In two dimensions, we can plot this boundary directly. The shaded regions in the visualization show the classifier’s predicted classes, while the dots are the actual data points.  

Where the dots overlap or cluster near the boundary, the classifier has more difficulty deciding — this is where we see **uncertainty**.  

- **Aleatoric uncertainty**: appears near the decision boundary, caused by noisy or overlapping data.  
- **Epistemic uncertainty**: occurs in regions far away from any training data (where the model is unsure because it has not “seen” those inputs before).  

---

When you look at the plot:  
- The **shaded regions** represent the classifier’s predictions.  
- The **solid boundary line** shows where the model is exactly 50/50 between classes.  
- The **data points** show the ground-truth labels.  

</details>


In [None]:
def plot_decision_boundary(clf, X, y, title="Decision boundary"):
    h = .02
    x_min, x_max = X[:, 0].min() - 1, X[:, 0].max() + 1
    y_min, y_max = X[:, 1].min() - 1, X[:, 1].max() + 1
    xx, yy = np.meshgrid(np.arange(x_min, x_max, h),
                         np.arange(y_min, y_max, h))
    Z = clf.predict(np.c_[xx.ravel(), yy.ravel()])
    Z = Z.reshape(xx.shape)
    plt.contourf(xx, yy, Z, alpha=0.3)
    plt.scatter(X[:, 0], X[:, 1], c=y, edgecolors="k")
    plt.title(title)
    plt.show()

plot_decision_boundary(clf, X_train, y_train, "Aleatoric uncertainty example")
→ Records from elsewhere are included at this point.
(* Let ${\cal G}$ be a locally finite graph and let $A_1,A_2,\dots$ be an increasing finite set exhaustion of ${\cal G}$. Then for any fixed $x,y\in{\cal G}$ and $t\ge0$, the sequence $K_{A_i}(x,y,t)$ is non-decreasing in $i$ and tends to a limit $K(x,y,t)$. This limit $K$ is independent of the choice of exhaustion, and $K\le G$ pointwise for every non-negative fundamental solution $G$ of the heat equation on ${\cal G}$.
   Context: A graph ${\cal G}$ consists of an undirected graph $(V,E)$ (multiple edges, self-loops allowed), edge lengths $\ell_e>0$, boundary vertices $\partial{\cal G}\subseteq V$, interior vertices $\mathring V=V\setminus\partial{\cal G}$, a vertex measure ${\cal V}$ (${\cal V}(v)>0$) and edge weights $a_e>0$; ${\cal G}$ is identified with its geometric realization. Locally finite: every vertex lies on finitely many edges. For edgewise linear $f$, $(\Delta f)(v)={\cal V}(v)^{-1}\sum_{e\sim\{u,v\}}a_e(f(v)-f(u))/\ell_e$. A function $u$ on ${\cal G}\times[0,\infty)$ satisfies the heat equation if it is continuous, edgewise linear in $x$, and $u_t=-\Delta u$ (both existing) at $x\in\mathring V$, $t>0$; it solves the Dirichlet initial value problem with initial value $f$ if also $u(x,0)=f(x)$ on $\mathring V$ and $u=0$ on $\partial{\cal G}$. Let $\delta_y$ be the edgewise linear function equal to $1/{\cal V}(y)$ at $y$ and $0$ at other vertices. A fundamental solution is a function $G(x,y,t)$ on ${\cal G}\times{\cal G}\times[0,\infty)$ such that for each $y\in\mathring V$, $(x,t)\mapsto G(x,y,t)$ solves the Dirichlet initial value problem with initial value $\delta_y$, $G(x,y,t)=0$ for $y\in\partial{\cal G}$, and $G$ is edgewise linear in $x$ and in $y$. For finite $A\subseteq\mathring V$, let ${\cal G}_A$ be ${\cal G}$ with boundary $V\setminus A$; the space of edgewise linear functions vanishing outside $A$ is finite-dimensional, the operator $\Delta_A$ ($\Delta$ computed at vertices of $A$, zero elsewhere) is symmetric on it for the inner product $\int fg\,d{\cal V}$, and $K_A(x,y,t)=\sum_i e^{-t\lambda_i}\phi_i(x)\phi_i(y)$ for an orthonormal eigenbasis $\phi_i$ with $\Delta_A\phi_i=\lambda_i\phi_i$. An increasing finite set exhaustion is a sequence of finite sets $A_1\subseteq A_2\subseteq\cdots\subseteq\mathring V$ whose union is $\mathring V$. *)

theory Defs
  imports "HOL-Analysis.Analysis"
begin

text \<open>Edges are abstract elements of type 'e
  (so multiple edges and self-loops are allowed); ends G e is the pair of endpoints
  (the order only fixes an orientation used to parametrize the edge).\<close>

record ('v, 'e) wgraph =
  verts :: "'v set"
  edges :: "'e set"
  ends  :: "'e \<Rightarrow> 'v \<times> 'v"
  len   :: "'e \<Rightarrow> real"
  bdry  :: "'v set"
  vmeas :: "'v \<Rightarrow> real"
  wt    :: "'e \<Rightarrow> real"

definition valid_graph :: "('v, 'e) wgraph \<Rightarrow> bool" where
  "valid_graph G \<longleftrightarrow> bdry G \<subseteq> verts G \<and>
     (\<forall>e\<in>edges G. fst (ends G e) \<in> verts G \<and> snd (ends G e) \<in> verts G
                  \<and> len G e > 0 \<and> wt G e > 0) \<and>
     (\<forall>v\<in>verts G. vmeas G v > 0)"

definition interior :: "('v, 'e) wgraph \<Rightarrow> 'v set" where
  "interior G = verts G - bdry G"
## Part 4 — Epistemic Uncertainty (via Model Variation)

Epistemic uncertainty can be explored by varying the model or subsampling the training data.
We’ll train multiple logistic regression models on bootstrapped samples and measure the variation in predictions.


In [None]:
from sklearn.utils import resample

n_models = 20
all_probs = []

for i in range(n_models):
    X_boot, y_boot = resample(X_train, y_train, replace=True, random_state=i)
    clf_boot = LogisticRegression().fit(X_boot, y_boot)
    all_probs.append(clf_boot.predict_proba(X_test))
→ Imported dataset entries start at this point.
lemma (in prob_space) prob_iid_stat_gt_median_le_half:
  fixes X :: "'j \<Rightarrow> 'a \<Rightarrow> real" and g :: "('j \<Rightarrow> real) \<Rightarrow> real"
  assumes ind: "indep_vars (\<lambda>_. borel) X J" and J: "J \<noteq> {}"
    and distr_X: "\<And>j. j \<in> J \<Longrightarrow> distr M borel (X j) = P"
    and P: "prob_space P" "sets P = sets borel"
    and g: "g \<in> borel_measurable (PiM J (\<lambda>_. borel))"
    and g_local: "\<And>x y. (\<And>j. j \<in> J \<Longrightarrow> x j = y j) \<Longrightarrow> g x = g y"
    and median: "measure (PiM J (\<lambda>_. P)) {x \<in> space (PiM J (\<lambda>_. P)). g x \<le> \<gamma>} \<ge> 1/2"
  shows "prob {\<omega> \<in> space M. g (\<lambda>j. X j \<omega>) > \<gamma>} \<le> 1/2"
proof -
  let ?Q = "PiM J (\<lambda>_. P)" and ?B = "PiM J (\<lambda>_. borel :: real measure)"
  let ?V = "\<lambda>\<omega>. \<lambda>j\<in>J. X j \<omega>"
  have rv: "\<And>j. j \<in> J \<Longrightarrow> random_variable borel (X j)"
    using ind unfolding indep_vars_def by auto
  have sets_Q: "sets ?Q = sets ?B"
    using P by (intro sets_PiM_cong) auto
  have V: "?V \<in> measurable M ?Q"
    using rv by (subst measurable_cong_sets[OF refl sets_Q]) (rule measurable_restrict)
  have "distr M ?B ?V = PiM J (\<lambda>j. distr M borel (X j))"
    using ind indep_vars_iff_distr_eq_PiM'[OF J, where M'="\<lambda>_. borel" and X=X] rv by auto
  also have "\<dots> = ?Q"
    using distr_X by (intro PiM_cong) auto
  finally have distr_V: "distr M ?Q ?V = ?Q"
    using distr_cong[OF refl sets_Q[symmetric]] by metis
  have gQ: "g \<in> borel_measurable ?Q"
    by (subst measurable_cong_sets[OF sets_Q refl]) (rule g)
  have "{x \<in> space ?Q. g x > \<gamma>} \<in> sets ?Q"
    using gQ by measurable
  then have "prob (?V -` {x \<in> space ?Q. g x > \<gamma>} \<inter> space M) = measure ?Q {x \<in> space ?Q. g x > \<gamma>}"
    using measure_distr[OF V] distr_V by simp
  also have "?V -` {x \<in> space ?Q. g x > \<gamma>} \<inter> space M = {\<omega> \<in> space M. g (\<lambda>j. X j \<omega>) > \<gamma>}"
    using measurable_space[OF V] g_local[of "?V _" "\<lambda>j. X j _"] by auto
  also have "{x \<in> space ?Q. g x > \<gamma>} = space ?Q - {x \<in> space ?Q. g x \<le> \<gamma>}"
    by auto
  also have "measure ?Q \<dots> = 1 - measure ?Q {x \<in> space ?Q. g x \<le> \<gamma>}"
    using gQ by (intro prob_space.prob_compl prob_space_PiM P(1)) measurable
  finally show ?thesis
    using median by simp
qed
all_probs = np.array(all_probs)  # shape (n_models, n_samples, n_classes)

# Epistemic uncertainty = variance across models
epistemic_uncertainty = all_probs.var(axis=0).mean(axis=1)

print("Sample epistemic uncertainties:", epistemic_uncertainty[:10])


### TODO

Now, using the plot_decision_boundary function from Part 3 and the code in Part 4, can you come up with a way to visualize the uncertainty in the decision boundary?

In [None]:
 # XXX your code here

## Part 5 — Reflection

Answer the following in 2–3 sentences each:

1. Which type of uncertainty did you observe near the decision boundary? Why?  
2. How did epistemic uncertainty change across different bootstrap models?  
3. Give a real-world example where epistemic uncertainty dominates, and one where aleatoric uncertainty dominates.